To the Editor:
Thanks to John Branston for writing "A New Player" (City Beat, February 7th issue). He quoted Gib Vestal, who pointed out that "the root of what we're doing is not sports, it's character and spiritual development."
There was a time when schools emphasized character education. It was felt at that time that the complex problems presented by life called for increasing attention to character education by teachers. It was further believed that the schools should make a greater contribution to the training of children than is involved in the mere presentation of subject matter.
Such progressive philosophies of education, while recognizing the fact that the schools had always been forces in character education, sought to define more clearly the aims of education and to focus upon aspects of a child's life other than competitive sports or intellectual stimulation.

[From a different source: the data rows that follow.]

lemma tendsto_std_normal_density_at_top: "(std_normal_density \<longlongrightarrow> 0) at_top"
  and tendsto_std_normal_density_at_bot: "(std_normal_density \<longlongrightarrow> 0) at_bot"
  unfolding std_normal_density_def[abs_def] by real_asymp+

text \<open>Integrate \<open>(- h \<phi>)' = h \<phi> y - h' \<phi>\<close> over the line, using \<open>\<phi>' = - y \<phi>\<close>.\<close>
lemma std_normal_stein:
  fixes h h' :: "real \<Rightarrow> real"
  assumes der: "\<And>y. (h has_real_derivative h' y) (at y)"
    and cont: "continuous_on UNIV h'"
    and bound: "\<And>y. \<bar>h y\<bar> \<le> B" and bound': "\<And>y. \<bar>h' y\<bar> \<le> B"
  shows "(\<integral>y. h y * y \<partial>std_normal) = (\<integral>y. h' y \<partial>std_normal)"
proof -
  interpret prob_space std_normal
    by (rule prob_space_std_normal)
  have "continuous_on UNIV h"
    using der by (intro continuous_at_imp_continuous_on ballI DERIV_isCont) auto
  then have [measurable]: "h \<in> borel_measurable borel" "h' \<in> borel_measurable borel"
    using cont by (auto intro: borel_measurable_continuous_onI)
  have "integrable std_normal (\<lambda>y. h y * y)"
    using bound by (intro integrable_bounded_mult integrable_std_normal_id) auto
  then have int1: "integrable lborel (\<lambda>y. std_normal_density y * (h y * y))"
    by (subst integrable_std_normal_iff[symmetric]) auto
  have "integrable std_normal h'"
    using bound' by (intro integrable_const_bound[where B = B]) auto
  then have int2: "integrable lborel (\<lambda>y. std_normal_density y * h' y)"
    by (subst integrable_std_normal_iff[symmetric]) auto
  define F where "F y = - h y * std_normal_density y" for y
  define f where "f y = std_normal_density y * (h y * y) - std_normal_density y * h' y" for y
  have "(F has_real_derivative f y) (at y)" for y
    unfolding F_def[abs_def] f_def
    by (rule derivative_eq_intros der std_normal_density_has_real_derivative refl)+
       (simp add: algebra_simps)
  then have F_deriv: "(F has_vector_derivative f y) (at y)" for y
    by (simp add: has_real_derivative_iff_has_vector_derivative)
  have "isCont f y" for y
    using \<open>continuous_on UNIV h\<close> cont unfolding f_def std_normal_density_def
    by (intro continuous_intros) (auto simp: continuous_on_eq_continuous_at)
  moreover have "(F \<longlongrightarrow> 0) at_top" "(F \<longlongrightarrow> 0) at_bot"
  proof -
    have "norm (F y) \<le> B * std_normal_density y" for y
      unfolding F_def using bound[of y] by (simp add: abs_mult mult_right_mono)
    note F_small = Lim_null_comparison[OF always_eventually[OF allI[OF this]] tendsto_mult_right_zero]
    show "(F \<longlongrightarrow> 0) at_top" "(F \<longlongrightarrow> 0) at_bot"
      by (rule F_small tendsto_std_normal_density_at_top tendsto_std_normal_density_at_bot)+
  qed
  moreover have "set_integrable lborel (einterval (-\<infinity>) \<infinity>) f"
    using int1 int2 by (simp add: f_def set_integrable_def einterval_def)
  ultimately have "(LBINT y=-\<infinity>..\<infinity>. f y) = 0 - 0"
    using F_deriv by (intro interval_integral_FTC_integrable) (auto simp: ereal_tendsto_simps)
  then have "(\<integral>y. f y \<partial>lborel) = 0"
    by (simp add: interval_lebesgue_integral_def set_lebesgue_integral_def einterval_def)
  then show ?thesis
    using int1 int2 by (simp add: f_def integral_std_normal)
qed

lemma std_normal_stein_affine:
  fixes g g' :: "real \<Rightarrow> real"
  assumes der: "\<And>s. (g has_real_derivative g' s) (at s)"
    and cont: "continuous_on UNIV g'"
    and bound: "\<And>s. \<bar>g s\<bar> \<le> B" and bound': "\<And>s. \<bar>g' s\<bar> \<le> B"
  shows "(\<integral>y. g (c + b * y) * y \<partial>std_normal) = b * (\<integral>y. g' (c + b * y) \<partial>std_normal)"
proof -
  have B: "0 \<le> B"
    using bound[of 0] by simp
  have B_le: "B \<le> B * (1 + \<bar>b\<bar>)" and abs_b_le: "\<bar>b\<bar> * B \<le> B * (1 + \<bar>b\<bar>)"
    using B by (simp_all add: algebra_simps)
  have "(\<integral>y. g (c + b * y) * y \<partial>std_normal) = (\<integral>y. b * g' (c + b * y) \<partial>std_normal)"
  proof (rule std_normal_stein[where B = "B * (1 + \<bar>b\<bar>)"])
    fix y
    have "((\<lambda>y. c + b * y) has_real_derivative b) (at y)"
      by (auto intro!: derivative_eq_intros)
    from DERIV_chain2[OF der this]
    show "((\<lambda>y. g (c + b * y)) has_real_derivative b * g' (c + b * y)) (at y)"
      by (simp add: mult.commute)
    show "\<bar>g (c + b * y)\<bar> \<le> B * (1 + \<bar>b\<bar>)"
      using bound[of "c + b * y"] B_le by linarith
    show "\<bar>b * g' (c + b * y)\<bar> \<le> B * (1 + \<bar>b\<bar>)"
      using mult_left_mono[OF bound'[of "c + b * y"], of "\<bar>b\<bar>"] abs_b_le
      by (simp add: abs_mult)
  next
    show "continuous_on UNIV (\<lambda>y. b * g' (c + b * y))"
      by (intro continuous_intros continuous_on_compose2[OF cont]) auto
  qed
  then show ?thesis
    by simp
qed

section \<open>The standard Gaussian measure on \<open>\<real>\<^sup>d\<close>\<close>

definition vdot :: "nat \<Rightarrow> (nat \<Rightarrow> real) \<Rightarrow> (nat \<Rightarrow> real) \<Rightarrow> real" where
  "vdot d \<theta> x = (\<Sum>j<d. \<theta> j * x j)"

text \<open>\<open>compose\<close> leaves the coordinates \<open>\<ge> d\<close> undefined, as in the extensional space of
  \<open>gauss d\<close>, so that \<open>vneg d\<close> is measurable from \<open>gauss d\<close> to itself.\<close>
definition vneg :: "nat \<Rightarrow> (nat \<Rightarrow> real) \<Rightarrow> (nat \<Rightarrow> real)" where
  "vneg d = compose {..<d} uminus"

lemma vnorm_cong: "(\<And>i. i < d \<Longrightarrow> u i = v i) \<Longrightarrow> vnorm d u = vnorm d v"
  unfolding vnorm_def by simp

lemma vnorm_scale: "vnorm d (\<lambda>i. c * v i) = \<bar>c\<bar> * vnorm d v"
  unfolding vnorm_def by (simp add: power_mult_distrib sum_distrib_left[symmetric] real_sqrt_mult)

lemma vnorm_nonneg: "0 \<le> vnorm d v"
  unfolding vnorm_def by (simp add: sum_nonneg)

lemma vnorm_square: "(vnorm d v)\<^sup>2 = (\<Sum>i<d. (v i)\<^sup>2)"
  unfolding vnorm_def by (simp add: sum_nonneg)

lemma vnorm_add_square_minus_diff_square:
  "(vnorm d (\<lambda>i. u i + v i))\<^sup>2 - (vnorm d (\<lambda>i. u i - v i))\<^sup>2 = 4 * vdot d u v"
  unfolding vnorm_square vdot_def sum_subtractf[symmetric] sum_distrib_left
  by (simp add: power2_eq_square algebra_simps)

lemma vdot_vneg: "vdot d \<theta> (vneg d x) = - vdot d \<theta> x"
  unfolding vdot_def vneg_def compose_def by (simp add: sum_negf[symmetric])

lemma vdot_eq_0_if_vnorm_eq_0: "vnorm d \<theta> = 0 \<Longrightarrow> vdot d \<theta> x = 0"
  unfolding vnorm_def vdot_def by (simp add: sum_nonneg_eq_0_iff)

lemma gauss_eq_PiM: "gauss d = PiM {..<d} (\<lambda>_. std_normal)"
  unfolding gauss_def std_normal_def ..

lemma product_prob_space_std_normal: "product_prob_space (\<lambda>_::nat. std_normal)"
  by (rule product_prob_spaceI) (rule prob_space_std_normal)

lemma prob_space_gauss: "prob_space (gauss d)"
  unfolding gauss_eq_PiM by (rule prob_space_PiM) (rule prob_space_std_normal)

lemma borel_measurable_vdot[measurable]: "vdot d \<theta> \<in> borel_measurable (gauss d)"
  unfolding vdot_def[abs_def] gauss_eq_PiM by measurable

lemma measurable_vneg[measurable]: "vneg d \<in> measurable (gauss d) (gauss d)"
  unfolding vneg_def compose_def gauss_eq_PiM by measurable

lemma distr_gauss_vneg: "distr (gauss d) (gauss d) (vneg d) = gauss d"
proof -
  have "distr (gauss d) (gauss d) (vneg d) = PiM {..<d} (\<lambda>_. distr std_normal std_normal uminus)"
    unfolding gauss_eq_PiM vneg_def
    by (rule distr_PiM_finite_prob_space') (auto intro: prob_space_std_normal)
  then show ?thesis
    unfolding distr_std_normal_uminus gauss_eq_PiM .
qed

lemma integral_gauss_vneg:
  fixes f :: "(nat \<Rightarrow> real) \<Rightarrow> real"
  assumes [measurable]: "f \<in> borel_measurable (gauss d)"
  shows "(\<integral>x. f (vneg d x) \<partial>gauss d) = (\<integral>x. f x \<partial>gauss d)"
  by (subst (2) distr_gauss_vneg[symmetric]) (simp add: integral_distr)

lemma integral_gauss_prod:
  fixes f :: "nat \<Rightarrow> real \<Rightarrow> real"
  assumes "\<And>j. integrable std_normal (f j)"
  shows "integrable (gauss d) (\<lambda>x. \<Prod>j<d. f j (x j))"
    and "(\<integral>x. (\<Prod>j<d. f j (x j)) \<partial>gauss d) = (\<Prod>j<d. \<integral>y. f j y \<partial>std_normal)"
proof -
  interpret P: product_prob_space "\<lambda>_::nat. std_normal"
    by (rule product_prob_space_std_normal)
  show "integrable (gauss d) (\<lambda>x. \<Prod>j<d. f j (x j))"
    unfolding gauss_eq_PiM by (rule P.product_integrable_prod) (auto intro: assms)
  show "(\<integral>x. (\<Prod>j<d. f j (x j)) \<partial>gauss d) = (\<Prod>j<d. \<integral>y. f j y \<partial>std_normal)"
    unfolding gauss_eq_PiM by (rule P.product_integral_prod) (auto intro: assms)
qed

lemma integrable_gauss_coord:
  assumes "i < d"
  shows "integrable (gauss d) (\<lambda>x. x i)"
proof -
  interpret prob_space std_normal
    by (rule prob_space_std_normal)
  have "integrable std_normal (\<lambda>y. if j = i then y else 1)" for j
    using integrable_std_normal_id by (cases "j = i") auto
  then show ?thesis
    using integral_gauss_prod(1)[of "\<lambda>j y. if j = i then y else 1" d] assms by simp
qed

lemma integral_gauss_coord_mult:
  assumes "j < d" "k < d"
  shows "integrable (gauss d) (\<lambda>x. x j * x k)"
    and "(\<integral>x. x j * x k \<partial>gauss d) = (if j = k then 1 else 0)"
proof -
  interpret prob_space std_normal
    by (rule prob_space_std_normal)
  define f where "f l y = (if l = j then y else 1) * (if l = k then y else (1::real))" for l y
  have eq: "(\<lambda>x. \<Prod>l<d. f l (x l)) = (\<lambda>x. x j * x k)"
    using assms by (auto simp: fun_eq_iff f_def prod.distrib)
  have "integrable std_normal (f l)" for l
    unfolding f_def using integrable_std_normal_id integrable_std_normal_square
    by (cases "l = j"; cases "l = k") auto
  note prod_facts = integral_gauss_prod[of f d, OF this, unfolded eq]
  have integral_f: "(\<integral>y. f l y \<partial>std_normal) = (if l = j \<longleftrightarrow> l = k then 1 else 0)" for l
    unfolding f_def using integral_std_normal_id integral_std_normal_square prob_space
    by (cases "l = j"; cases "l = k") auto
  show "integrable (gauss d) (\<lambda>x. x j * x k)"
    by (rule prod_facts(1))
  show "(\<integral>x. x j * x k \<partial>gauss d) = (if j = k then 1 else 0)"
  proof (cases "j = k")
    case False
    then have "(\<Prod>l<d. \<integral>y. f l y \<partial>std_normal) = 0"
      using assms unfolding integral_f by (intro prod_zero) auto
    then show ?thesis
      using False unfolding prod_facts(2) by simp
  qed (use prod_facts(2) integral_f in simp)
qed

lemma integrable_gauss_vdot: "integrable (gauss d) (vdot d \<theta>)"
  unfolding vdot_def[abs_def]
  by (intro Bochner_Integration.integrable_sum integrable_mult_right integrable_gauss_coord) simp

lemma integrable_gauss_vdot_square: "integrable (gauss d) (\<lambda>x. (vdot d \<theta> x)\<^sup>2)"
  and integral_gauss_vdot_square: "(\<integral>x. (vdot d \<theta> x)\<^sup>2 \<partial>gauss d) = (vnorm d \<theta>)\<^sup>2"
proof -
  have square: "(vdot d \<theta> x)\<^sup>2 = (\<Sum>j<d. \<Sum>k<d. \<theta> j * \<theta> k * (x j * x k))" for x
    unfolding vdot_def power2_eq_square sum_product by (simp add: algebra_simps)
  have int: "integrable (gauss d) (\<lambda>x. \<theta> j * \<theta> k * (x j * x k))" if "j < d" "k < d" for j k
    using integral_gauss_coord_mult(1)[OF that] by simp
  show "integrable (gauss d) (\<lambda>x. (vdot d \<theta> x)\<^sup>2)"
    unfolding square by (auto intro!: int simp del: integrable_mult_right_iff)
  have "(\<integral>x. (vdot d \<theta> x)\<^sup>2 \<partial>gauss d) = (\<Sum>j<d. \<Sum>k<d. \<integral>x. \<theta> j * \<theta> k * (x j * x k) \<partial>gauss d)"
    unfolding square
    by (subst Bochner_Integration.integral_sum, fastforce intro: Bochner_Integration.integrable_sum int)
       (auto intro!: sum.cong Bochner_Integration.integral_sum int simp del: integral_mult_right_zero)
  also have "\<dots> = (\<Sum>j<d. \<Sum>k<d. \<theta> j * \<theta> k * (\<integral>x. x j * x k \<partial>gauss d))"
    by simp
  also have "\<dots> = (\<Sum>j<d. (\<theta> j)\<^sup>2)"
    by (simp add: integral_gauss_coord_mult(2) power2_eq_square if_distrib cong: if_cong)
  finally show "(\<integral>x. (vdot d \<theta> x)\<^sup>2 \<partial>gauss d) = (vnorm d \<theta>)\<^sup>2"
    by (simp add: vnorm_square)
qed

lemma abs_le_half_square_div_plus:
  fixes s t :: real
  assumes "0 < t"
  shows "\<bar>s\<bar> \<le> (s\<^sup>2 / t + t) / 2"
proof -
  have "0 \<le> (\<bar>s\<bar> - t)\<^sup>2"
    by simp
  then show ?thesis
    using assms by (simp add: field_simps power2_eq_square algebra_simps)
qed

It is not what we say but what we do that counts in the formation of character. It seems as if that has been forgotten in these times.
To the Editor:
The answer to Tennessee's tax woes is simple: Tax the churches. Untold millions in potential tax revenue are locked in the land, property, and businesses owned by churches across this state. Churches benefit from the infrastructure and services provided by the state just as secular businesses do, but pay nothing for the privilege. Our taxes are raised to cover their free ride.
Tax exemption for religions was meant to provide for community churches aiding their congregation. No one envisioned vast religious conglomerates owning office buildings, television and radio stations, publishing houses, factories, and science- fiction film companies.
Churches claim that the millions in revenue they take in go to help the community. If you ask them to prove that, they will hide behind their tax-exempt status and tell you it is none of the state's business.
The Constitution promised us freedom from state religion, yet we now have Bible study in public schools and the Ten Commandments in the courthouse. It is time for the church to pay its due. This is unlikely to happen, though, since political power in this state flows from the pulpit. We can only hope the preachers will stop thumping their Bibles long enough to read Jesus' own words: "Render unto Caesar that which is Caesar's."
Michael B. Conway
To the Editor:
I note in the Flyer (Politics, January 24th issue) that Jim Rout, retiring mayor of Shelby County, Mayor Gene Roberts of Chattanooga, and Mayor Dave Bradshaw of Oak Ridge spent a whole day campaigning for former state Rep. Jim Henry, who's running against Van Hilleary for the Republican nomination for governor.
Don't these officeholders really belong behind their desks governing their cities and counties?
If they decide to retire and work on political campaigns, that's fine, but they shouldn't do it on taxpayer time. Most are well-paid. For example, the new Shelby County mayor will command $150,000 annually after September 1st.
The same goes for Hilleary. He shouldn't be campaigning on official time.
Charles S. Peete
This week's cover story on the Enron debacle is a bit of a departure for the Flyer in that it is a reprint from another alternative newsweekly, the Houston Press. The Press story has drawn widespread praise from several quarters, including The Washington Post, for its behind-the-scenes reconstruction of how lobbyists and certain well-placed politicians conspired to give Enron an unsupervised playing field for its hijinks.
As the story reports, it could take years of forensic accounting to pin down just how $70 billion disappeared. But just as important as finding out where the money went is discovering how such an inflated Ponzi scheme could happen in the first place. Aren't there regulations to prevent such a perversion of the free marketplace? Well, yes and no. The more important thing, it turns out, is who you know.
We hope you find "Up In Smoke" as compelling, and frightening, a read as we did.